Territorial and military aggression. Rausch believes Trump “has used the military promiscuously,” undermined international relationships, threatened Greenland’s relationship with Denmark and alienated long-term allies.
Transnational reach. Rausch charges Trump with undermining longtime government policy by reducing “support for human rights” while at the same time affirming “authoritarian populists and illiberal nationalists” … and acting “weirdly deferential” to the likes of Russia’s Vladimir Putin.
Blood-and-soil nationalism. “A fascist trademark,” Rausch says, involves a belief that the nation is “a Volk,” one people linked by “shared blood, culture and destiny.”
White and Christian nationalism. The MAGA movement gives continuing emphasis to American origins as a white, Christian nation, albeit a particular type of conservative Christianity, with national parks and museums removing “their exhibits of references to slavery.”
Mobs and street thugs. For Rauch, “the use of militias and mobs to harass, rough up and otherwise intimidate opponents is a standard fascist stratagem.” Trump’s pardoning of the January 6 rioters dramatically exemplifies the point.
Leader aggrandizement. Rausch suggests Trump’s “mindset, his symbolism and his rhetoric” confirm his January 2026 comments to The New York Times that “his own mind and morality are the only limits on his global power.”
Alternative facts. Rauch reminds us that “reality-distortion” is one of the first stages of fascism, confusing the nature of truth. He calculates that, for Trump, “alternative facts” of falsehood, overstatement and deception flow “at a rate of 20 a day.”
Politics as war. Here Rauch cites Stephen Miller’s declaration at Charlie Kirk’s memorial: “We are the storm. And our enemies cannot comprehend our strength, our determination, our resolve, our passion.”
Governing as revolution. Rauch surveys a variety of issues — cancelling congressionally funded agencies and programs, deporting immigrants to international prisons, fostering ICE occupations and assaults — that Illustrate how “a radicalized state abandons rational deliberation and goes to war against itself.”

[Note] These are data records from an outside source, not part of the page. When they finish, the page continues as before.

theorem proposition2p5:
  fixes I :: "real set" and n :: nat and g :: "real list \<Rightarrow> real"
  assumes "nontrivial_interval I"
    and "n \<ge> 2"
    and "\<forall>xs. in_In I n xs \<longrightarrow> g xs \<in> I"
  shows
   "(n_associative I n g
     \<longleftrightarrow> ((\<forall>xs. in_In I n xs \<longrightarrow> g [g xs] = g xs) \<and>
          (\<forall>x y z x' y' z'. in_In I n (x @ y @ z) \<and> in_In I n (x' @ y' @ z') \<and>
              in_In I n y \<and> in_In I n y' \<and> x @ y @ z = x' @ y' @ z' \<longrightarrow>
              g (x @ [g y] @ z) = g (x' @ [g y'] @ z')))) \<and>
    (n_associative I n g
     \<longleftrightarrow> (\<forall>x y z. in_In I n (x @ y @ z) \<and> in_In I n y \<longrightarrow>
              g (x @ [g y] @ z) = g (x @ y @ z))) \<and>
    (n_associative I n g
     \<longleftrightarrow> ((\<forall>xs. in_In I n xs \<longrightarrow> g [g xs] = g xs) \<and>
          (\<forall>xss. length xss = n \<and> (\<forall>xs\<in>set xss. in_In I n xs) \<longrightarrow>
              g (map g xss) = g (concat xss))))"
proof -
  note n2 = assms(2)
  have closed: "\<And>xs. in_In I n xs \<Longrightarrow> g xs \<in> I"
    using assms(3) by blast
  have i_iii: "n_associative I n g \<longleftrightarrow> variadic_assoc I n g"
    using n_associative_imp_variadic_assoc[where I = I and n = n and g = g, OF n2 closed]
      variadic_assoc_imp_n_associative[where I = I and n = n and g = g, OF n2 closed] by blast
  have iii_iv: "variadic_assoc I n g \<longleftrightarrow>
      (\<forall>xs. in_In I n xs \<longrightarrow> g [g xs] = g xs) \<and>
      (\<forall>xss. length xss = n \<and> (\<forall>xs\<in>set xss. in_In I n xs) \<longrightarrow> g (map g xss) = g (concat xss))"
    (is "_ \<longleftrightarrow> ?idem \<and> ?compose")
  proof
    assume "variadic_assoc I n g"
    then show "?idem \<and> ?compose"
      using variadic_assoc_iff_idem_and_infix_invariant[of I n g]
        variadic_assoc_imp_compose[where I = I and n = n and g = g, OF n2 closed] by blast
  next
    assume "?idem \<and> ?compose"
    then show "variadic_assoc I n g"
      using compose_imp_variadic_assoc[where I = I and n = n and g = g, OF n2 closed] by blast
  qed
  show ?thesis
    unfolding variadic_assoc_def[symmetric]
    using i_iii iii_iv variadic_assoc_iff_idem_and_infix_invariant[of I n g] by blast
qed

end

“Rauch has given us chapter and verse of the fascism descending.”
Rauch has given us chapter and verse of the fascism descending on the land of the free and the home of Renee Good and Alex Pretti. He concludes with a modicum of hope: “So the United States, once the world’s exemplary liberal democracy, is now a hybrid state combining a fascist leader and a liberal Constitution; but no, it has not fallen to fascism. And it will not.”
As our “hybrid state” waits for justice, the protesters in Minnesota exemplify a courage we’d all best find within ourselves. Accounts of the arrest of Minnesota clergy protesting at the airport seem hauntingly parallel to a story from 1970s Uganda during the reign of the ruthless fascist dictator Idi Amin.
As injustices multiplied, a Church of England mission society wrote to affiliated churches in Amin’s cruel regime: “What can we send you? Your archbishop has been murdered. Your land is in ruins. How can we help?”
And the answer came back: “Send us food, medicine and 250 clerical collars.”
Why the collars?
“You must understand,” the letter read, “our people are being rounded up to be shot. They must be able to spot their priests.”
No offense to my farmer-preacher Baptist forebears, but I’ve decided to purchase my first clerical collar and wear it as a promise of justice to come.
I think old Amos might be pleased.
Bill Leonard is founding dean and the James and Marilyn Dunn professor of Baptist studies and church history emeritus at Wake Forest University School of Divinity in Winston-Salem, N.C. He is the author or editor of 25 books. A native Texan, he lives in Winston-Salem with his wife, Candyce.